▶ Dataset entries
lemma exists_hub:
  assumes "finite S" "S \<noteq> {}" "1 \<le> k"
    and no_low: "\<And>x. x \<in> S \<Longrightarrow> card {u\<in>S. E x u} \<le> k \<Longrightarrow>
                   \<exists>y\<in>S. E x y \<and> k < card {u\<in>S. E y u}"
  shows "\<exists>v\<in>S. \<exists>w. k < card {u\<in>S. E v u} \<and>
           (\<forall>u\<in>S. E v u \<longrightarrow> u \<noteq> w \<longrightarrow> (\<forall>z\<in>S. E u z \<longrightarrow> z = v))"
proof -
  obtain P where P: "longest_path_in E S P" using longest_path_in_exists[OF assms(1,2)] by blast
  have "hd P \<in> S" using P by (auto simp: longest_path_in_def path_in_def)
  moreover have "card {u\<in>S. E (hd P) u} \<le> k" using longest_path_hd_degree[OF P] assms(3) by simp
  ultimately obtain y where y: "y \<in> S" "E (hd P) y" "k < card {u\<in>S. E y u}"
    using no_low by blast
  then have len: "Suc 0 < length P" and "y = P ! 1" using longest_path_hd_nbr[OF P] by auto
  then show ?thesis using y longest_path_pendant_nbr[OF P len] by blast
qed

lemma exists_detachable:
  assumes "finite S" "S \<noteq> {}" "1 \<le> k"
    and "\<And>x. x \<in> S \<Longrightarrow> card {u\<in>S. E x u} \<le> k \<Longrightarrow>
           \<exists>y\<in>S. E x y \<and> k < card {u\<in>S. E y u}"
  shows "\<exists>X d. detachable E k S X d"
proof -
  obtain v w where v: "v \<in> S" "k < card {u\<in>S. E v u}"
    and "\<forall>u\<in>S. E v u \<longrightarrow> u \<noteq> w \<longrightarrow> (\<forall>z\<in>S. E u z \<longrightarrow> z = v)"
    using exists_hub[OF assms] by blast
  then show ?thesis
    using hub_detachable[where E = E and w = w, OF assms(1,3) v(1) irrefl[of v] v(2)] by blast
qed

lemma low_vertex_extend_deletion:
  assumes fin: "finite S"
    and x: "card {u\<in>S. E x u} \<le> k" "\<forall>y\<in>S. E x y \<longrightarrow> card {u\<in>S. E y u} \<le> k"
    and D: "max_degree_le E (S - {x} - D) k"
  shows "max_degree_le E (S - D) k"
proof
  fix v assume v: "v \<in> S - D"
  show "card {u\<in>S - D. E v u} \<le> k"
  proof (cases "v = x \<or> E x v")
    case True
    have "card {u\<in>S - D. E v u} \<le> card {u\<in>S. E v u}" using fin by (intro card_mono) auto
    then show ?thesis using True x v by auto
  next
    case False
    then have "{u\<in>S - D. E v u} = {u\<in>S - {x} - D. E v u}" using sym[of v x] by blast
    then show ?thesis using D v False by simp
  qed
qed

▶ Required action
Where a line above contains the string "proof", copy that line.

▶ Response area
proof -
proof -
proof
  proof (cases "v = x \<or> E x v")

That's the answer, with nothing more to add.